From: David Hildenbrand <david@redhat.com>
To: "Pankaj Raghav (Samsung)" <kernel@pankajraghav.com>,
Suren Baghdasaryan <surenb@google.com>,
Ryan Roberts <ryan.roberts@arm.com>,
Baolin Wang <baolin.wang@linux.alibaba.com>,
Borislav Petkov <bp@alien8.de>, Ingo Molnar <mingo@redhat.com>,
"H . Peter Anvin" <hpa@zytor.com>,
Vlastimil Babka <vbabka@suse.cz>, Zi Yan <ziy@nvidia.com>,
Mike Rapoport <rppt@kernel.org>,
Dave Hansen <dave.hansen@linux.intel.com>,
Michal Hocko <mhocko@suse.com>,
Lorenzo Stoakes <lorenzo.stoakes@oracle.com>,
Andrew Morton <akpm@linux-foundation.org>,
Thomas Gleixner <tglx@linutronix.de>,
Nico Pache <npache@redhat.com>, Dev Jain <dev.jain@arm.com>,
"Liam R . Howlett" <Liam.Howlett@oracle.com>,
Jens Axboe <axboe@kernel.dk>
Cc: linux-kernel@vger.kernel.org, willy@infradead.org,
linux-mm@kvack.org, x86@kernel.org, linux-block@vger.kernel.org,
linux-fsdevel@vger.kernel.org,
"Darrick J . Wong" <djwong@kernel.org>,
mcgrof@kernel.org, gost.dev@samsung.com, hch@lst.de,
Pankaj Raghav <p.raghav@samsung.com>
Subject: Re: [PATCH v2 3/5] mm: add static PMD zero page
Date: Tue, 15 Jul 2025 16:53:23 +0200 [thread overview]
Message-ID: <fbcb6038-43a9-4d47-8cf7-f5ca32824079@redhat.com> (raw)
In-Reply-To: <26fded53-b79d-4538-bc56-3d2055eb5d62@redhat.com>
On 15.07.25 16:21, David Hildenbrand wrote:
> On 07.07.25 16:23, Pankaj Raghav (Samsung) wrote:
>> From: Pankaj Raghav <p.raghav@samsung.com>
>>
>> There are many places in the kernel where we need to zeroout larger
>> chunks but the maximum segment we can zeroout at a time by ZERO_PAGE
>> is limited by PAGE_SIZE.
>>
>> This is especially annoying in block devices and filesystems where we
>> attach multiple ZERO_PAGEs to the bio in different bvecs. With multipage
>> bvec support in block layer, it is much more efficient to send out
>> larger zero pages as a part of single bvec.
>>
>> This concern was raised during the review of adding LBS support to
>> XFS[1][2].
>>
>> Usually huge_zero_folio is allocated on demand, and it will be
>> deallocated by the shrinker if there are no users of it left.
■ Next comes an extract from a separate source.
(* Let $\mathcal{G}=(V,L)$ be a finite connected undirected graph with monitor set $M$ and non-monitor set $N=V\setminus M$, $\sigma=|N|$, and let the measurement paths be given by Controllable Simple-path Probing (CSP). For $v\in N$ let $\delta^*:=|C_{\mathcal{G}^*}(v,m')|$, $\delta_{\min}:=\min_{m\in M}|C_{\mathcal{G}_m}(v,m')|$ and $\pi_v:=\min(\delta_{\min},\delta^*-1)$. If $\pi_v\le\sigma-2$, then the maximum identifiability index of $v$ under CSP satisfies $\pi_v-1\le\Omega_{\mathrm{CSP}}(v)\le\pi_v$.
   Context: Failure model: a failure set is any $F\subseteq N$; a path fails iff it traverses a node of $F$. $P_F$ is the set of measurement paths traversing a node of $F$; $F_1,F_2$ distinguishable iff $P_{F_1}\ne P_{F_2}$. $S\subseteq N$ is $k$-identifiable if any two failure sets $F_1,F_2$ with $|F_1|,|F_2|\le k$ and $F_1\cap S\ne F_2\cap S$ are distinguishable (every set is trivially $0$-identifiable). $\Omega(v)$ is the maximum $k\in\{0,\dots,\sigma\}$ such that $\{v\}$ is $k$-identifiable. Under CSP, the measurement paths are all simple paths (no repeated nodes) in $\mathcal{G}$ between two distinct monitors. For $M'\subseteq M$, $\mathcal{N}(M')$ is the set of non-monitors adjacent to a monitor in $M'$. $\mathcal{G}^*$: delete all monitors from $\mathcal{G}$, add a virtual node $m'$, link $m'$ to every node of $\mathcal{N}(M)$. For $m\in M$, $\mathcal{G}_m$: delete all monitors from $\mathcal{G}$, add a virtual node $m'$, link $m'$ to every node of $\mathcal{N}(M\setminus\{m\})$. For nodes $s,t$ of a graph $\mathcal{H}$, $C_{\mathcal{H}}(s,t)$ is a minimum-cardinality set of nodes (other than $s,t$) whose deletion destroys all $s$–$t$ paths; if $s,t$ are adjacent, $C_{\mathcal{H}}(s,t):=V(\mathcal{H})\setminus\{t\}$. *)

theory Defs
  imports Main
begin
At moment,
>> huge_zero_folio infrastructure refcount is tied to the process lifetime
>> that created it. This might not work for bio layer as the completitions
>> can be async and the process that created the huge_zero_folio might no
>> longer be alive.
>
> Of course, what we could do is indicating that there is any untracked
> reference to the huge zero folio, and then simply refuse to free it for
> all eternity.
>
> Essentially, every any non-mm reference -> un-shrinkable.
>
> We'd still be allocating the huge zero folio dynamically. We could try
> allocating it on first usage either from memblock, or from the buddy if
> already around.
>
> Then, we'd only need a config option to allow for that to happen.
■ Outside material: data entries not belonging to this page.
(* Let $n \geq 1$ be an integer and consider Nim on the hypercube $Q_{2n+1}$ in which every edge has weight $1$, with the playing piece $\Delta$ starting at the vertex $\emptyset$. Then the first player $P_1$ has a winning strategy.
   Context: Nim on a graph: two players agree on a finite simple undirected graph $G$ whose edges carry positive integer weights, and a starting vertex on which a playing piece $\Delta$ is placed. Players $P_1$ (who moves first) and $P_2$ alternate. On a turn, the player chooses an edge of positive weight incident with the vertex currently holding $\Delta$, lowers that edge's weight by a positive integer amount, and moves $\Delta$ to the other endpoint of that edge. Edges of weight $0$ are no longer playable. A player who cannot move (no playable edge is incident with $\Delta$) loses. With unit weight, each edge can be traversed at most once in total. The hypercube $Q_m$ has as vertices the subsets $X \subseteq \{1,\dots,m\}$, two vertices being adjacent iff they differ in exactly one element; $\emptyset$ denotes the empty set (by vertex-transitivity the choice of starting vertex is immaterial). *)

theory Defs
  imports Main
begin

text \<open>A graph is given by its edge set E, a set of 2-element
vertex sets (finite simple undirected graph). A position is the vertex holding
the playing piece together with the current weight function on edges.\<close>

definition nim_move ::
  "'a set set \<Rightarrow> ('a \<times> ('a set \<Rightarrow> nat)) \<Rightarrow> ('a \<times> ('a set \<Rightarrow> nat)) \<Rightarrow> bool" where
  "nim_move E p q \<longleftrightarrow>
     (\<exists>u d. u \<noteq> fst p \<and> {fst p, u} \<in> E \<and> 0 < snd p {fst p, u} \<and>
            0 < d \<and> d \<le> snd p {fst p, u} \<and>
            q = (u, (snd p)({fst p, u} := snd p {fst p, u} - d)))"

text \<open>Least fixed point = winning in finitely many moves.\<close>

inductive nim_win and nim_lose for E :: "'a set set" where
  win_intro: "nim_move E p q \<Longrightarrow> nim_lose E q \<Longrightarrow> nim_win E p"
| lose_intro: "(\<And>q. nim_move E p q \<Longrightarrow> nim_win E q) \<Longrightarrow> nim_lose E p"

definition hypercube_edges :: "nat \<Rightarrow> nat set set set" where
  "hypercube_edges m = {{X, Y} | X Y. X \<subseteq> {1..m} \<and> Y \<subseteq> {1..m} \<and>
                         card ((X - Y) \<union> (Y - X)) = 1}"

definition unit_weights :: "'a set set \<Rightarrow> 'a set \<Rightarrow> nat" where
  "unit_weights E = (\<lambda>e. if e \<in> E then 1 else 0)"

end

theory Submission imports Defs begin

text \<open>Player 1 keeps the piece on the three lowest levels of the cube. From \<open>\<emptyset>\<close> he moves along
an unused spoke \<open>\<emptyset>\<close>--\<open>{i}\<close>; one exists because, at his turns at \<open>\<emptyset>\<close>, an even number of the
odd number of spokes is used. When Player 2 moves from \<open>{i}\<close> up to \<open>{i,j}\<close>, Player 1 answers
along \<open>{i,j}\<close>--\<open>{j}\<close>, which is unused because he maintains that every vertex \<open>{a,b}\<close> has either
both or neither of its edges to \<open>{a}\<close> and \<open>{b}\<close> used. So Player 1 always has a move, and as
every move lowers the total weight, Player 2 eventually gets stuck.\<close>

lemma nim_move_sum_less:
  assumes "finite E" and "nim_move E p q"
  shows "(\<Sum>e\<in>E. snd q e) < (\<Sum>e\<in>E. snd p e)"
proof -
  obtain u d where e: "{fst p, u} \<in> E" and d: "0 < d" "d \<le> snd p {fst p, u}"
    and q: "q = (u, (snd p)({fst p, u} := snd p {fst p, u} - d))"
    using assms(2) unfolding nim_move_def by blast
  show ?thesis
    using sum_strict_mono_ex1[OF assms(1), of "snd q" "snd p"] e d q by auto
qed

lemma nim_win_lose_by_invariants:
  assumes "finite E"
    and win_step: "\<And>p. W p \<Longrightarrow> \<exists>q. nim_move E p q \<and> L q"
    and lose_step: "\<And>p q. L p \<Longrightarrow> nim_move E p q \<Longrightarrow> W q"
  shows "(W p \<longrightarrow> nim_win E p) \<and> (L p \<longrightarrow> nim_lose E p)"
proof (induction p rule: measure_induct_rule[where f = "\<lambda>p. \<Sum>e\<in>E. snd p e"])
  case (less p)
  then have IH: "W q \<Longrightarrow> nim_win E q" "L q \<Longrightarrow> nim_lose E q" if "nim_move E p q" for q
    using nim_move_sum_less[OF assms(1) that] by blast+
  show ?case
  proof (intro conjI impI)
    assume "W p"
    then obtain q where "nim_move E p q" and "L q" using win_step by blast
    then show "nim_win E p" using IH(2) by (blast intro: win_intro)
  next
    assume "L p"
    then show "nim_lose E p" using lose_step IH(1) by (blast intro: lose_intro)
  qed
qed

lemma le_unit_weightsD:
  assumes "w \<le> unit_weights E" and "0 < w e"
  shows "e \<in> E" and "w e = 1"
  using assms le_funD[OF assms(1), of e] unfolding unit_weights_def by (auto split: if_splits)

lemma le_unit_weights_upd_zero: "w \<le> unit_weights E \<Longrightarrow> w(e := 0) \<le> unit_weights E"
  by (simp add: le_fun_def)

lemma nim_move_le_unit_weights:
  assumes "w \<le> unit_weights E"
  shows "nim_move E (c, w) q \<longleftrightarrow>
           (\<exists>u. u \<noteq> c \<and> {c, u} \<in> E \<and> 0 < w {c, u} \<and> q = (u, w({c, u} := 0)))"
proof
  assume "nim_move E (c, w) q"
  then obtain u d where u: "u \<noteq> c" "{c, u} \<in> E" "0 < w {c, u}" "0 < d" "d \<le> w {c, u}"
    and q: "q = (u, w({c, u} := w {c, u} - d))"
    unfolding nim_move_def by auto
  moreover have "w {c, u} - d = 0"
    using le_unit_weightsD(2)[OF assms u(3)] u(4) by simp
  ultimately show "\<exists>u. u \<noteq> c \<and> {c, u} \<in> E \<and> 0 < w {c, u} \<and> q = (u, w({c, u} := 0))"
    by auto
next
  assume "\<exists>u. u \<noteq> c \<and> {c, u} \<in> E \<and> 0 < w {c, u} \<and> q = (u, w({c, u} := 0))"
  then obtain u where "u \<noteq> c" "{c, u} \<in> E" "0 < w {c, u}" "q = (u, w({c, u} := 0))"
    by blast
  then show "nim_move E (c, w) q"
    unfolding nim_move_def using le_unit_weightsD(2)[OF assms]
    by (intro exI[of _ u] exI[of _ "w {c, u}"]) auto
qed
lemma single_kink_certificate:
  assumes cost: "cost P \<le> \<bar>e\<bar> * kink_weight r"
    and integral: "integral P \<psi> = e * \<psi> r" and pos: "0 < \<psi> r"
    and bound: "\<forall>j<m. P j \<longrightarrow> kink_weight r * \<bar>\<psi> (p j)\<bar> \<le> \<psi> r * kink_weight (p j)"
    and j: "j < m" "P j" and strict: "kink_weight r * \<bar>\<psi> (p j)\<bar> < \<psi> r * kink_weight (p j)"
  shows "c j = 0"
proof -
  define \<phi> where "\<phi> z = sgn e * kink_weight r / \<psi> r * \<psi> z" for z
  have "integral P \<phi> = sgn e * kink_weight r / \<psi> r * integral P \<psi>"
    unfolding \<phi>_def using integral_linear[of P "sgn e * kink_weight r / \<psi> r" \<psi> 0 \<psi>] by simp
  also have "\<dots> = \<bar>e\<bar> * kink_weight r"
    unfolding integral using pos by (simp add: abs_sgn)
  finally have tight: "cost P \<le> integral P \<phi>" using cost by simp
  have abs_\<phi>: "\<bar>\<phi> z\<bar> \<le> kink_weight z \<longleftrightarrow> kink_weight r * \<bar>\<psi> z\<bar> \<le> \<psi> r * kink_weight z"
    "\<bar>\<phi> z\<bar> < kink_weight z \<longleftrightarrow> kink_weight r * \<bar>\<psi> z\<bar> < \<psi> r * kink_weight z"
    if "e \<noteq> 0" for z
    unfolding \<phi>_def using that pos kink_weight_pos[of r]
    by (simp_all add: abs_mult abs_sgn_eq divide_le_eq divide_less_eq mult.commute)
  show "c j = 0"
  proof (cases "e = 0")
    case True
    then have "cost P \<le> 0" using cost by simp
    then show ?thesis
      using certificate_vanishing[of P "\<lambda>_. 0" j] j kink_weight_pos
      by (simp add: integral_const less_imp_le[OF kink_weight_pos])
  next
    case False
    then show ?thesis
      using certificate_vanishing[OF _ tight j] bound strict abs_\<phi> by simp
  qed
qed

end

lemma min_norm_interpolant_interpolates:
  "min_norm_interpolant n x y f \<Longrightarrow> r \<in> {1..n} \<Longrightarrow> f (x r) = y r"
  unfolding min_norm_interpolant_def interpolates_def by blast
lemma no_action_confounding:
  assumes "T \<noteq> t" and "a \<le> t" and "(Act T, St a m) \<in> E"
  shows "(Act T, St (t + 1) j) \<notin> E"
proof
  assume to_next: "(Act T, St (t + 1) j) \<in> E"
  have m: "m \<in> {1..dS}" and j: "j \<in> {1..dS}"
    using edge_target_St[OF assms(3)] edge_target_St[OF to_next] by auto
  have action_not_blocking: "\<not> blocks E (time_slice dS t) u (Act T) w" for u w
    using no_edge_into_Act \<open>T \<noteq> t\<close> by (simp add: blocks_def state_at_def)
  show False
  proof (cases "a = t")
    case True
    \<comment> \<open>the collider St t m is open because it is itself conditioned on\<close>
    have "d_connecting E (time_slice dS t) [St (t - 1) m, St t m, Act T, St (t + 1) j]"
      using persistence_edge[OF m, of "t - 1"] assms(3) to_next action_not_blocking True m
      by (auto simp: adjacent_def blocks_def state_at_def)
    then show False
      using no_d_connecting_past_future m j by (fastforce simp: state_at_def)
  next
    case False
    have "d_connecting E (time_slice dS t) [St a m, Act T, St (t + 1) j]"
      using assms(3) to_next action_not_blocking \<open>a \<le> t\<close> by (auto simp: adjacent_def)
    then show False
      using no_d_connecting_path_from_past[of a t m "[Act T, St (t + 1) j]"] False \<open>a \<le> t\<close> m j
      by (auto simp: state_at_def)
  qed
qed

lemma parent_of_next_state:
  assumes parent: "(y, St (t + 1) j) \<in> E" and "y \<notin> time_slice dS t"
  obtains T where "y = Act T" and "E `` {y} \<subseteq> future t"
proof (cases y)
  case (St a m)
  with parent have "a < t + 1" and "m \<in> {1..dS}"
    using no_backward_edge[of "t + 1" a m j] edge_source_St_index by force+
  with \<open>y \<notin> time_slice dS t\<close> St have "a \<le> t - 1"
    by (auto simp: state_at_def)
  with parent St show ?thesis
    using no_edge_from_past by simp
next
  case (Act T)
  have "v \<in> future t" if child: "(Act T, v) \<in> E" for v
  proof -
    obtain a m where "v = St a m"
      using edge_target_St[OF child] by blast
    moreover have "T \<noteq> t"
      using Act \<open>y \<notin> time_slice dS t\<close> by simp
    ultimately show ?thesis
      using no_action_confounding[of T t a m j] child parent Act
      by (force simp: future_def)
  qed
  with Act show ?thesis
    using that by blast
qed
Something incomplete and very hacky just to give an idea. It would try allocating
it if there is actual code running that would need it, and then have it
stick around forever.
diff --git a/include/linux/huge_mm.h b/include/linux/huge_mm.h
index e0a27f80f390d..357e29e98d8d2 100644
--- a/include/linux/huge_mm.h
+++ b/include/linux/huge_mm.h
@@ -481,6 +481,7 @@ vm_fault_t do_huge_pmd_numa_page(struct vm_fault *vmf);
extern struct folio *huge_zero_folio;
extern unsigned long huge_zero_pfn;
+atomic_t huge_zero_folio_is_static;
static inline bool is_huge_zero_folio(const struct folio *folio)
{
@@ -499,6 +500,16 @@ static inline bool is_huge_zero_pmd(pmd_t pmd)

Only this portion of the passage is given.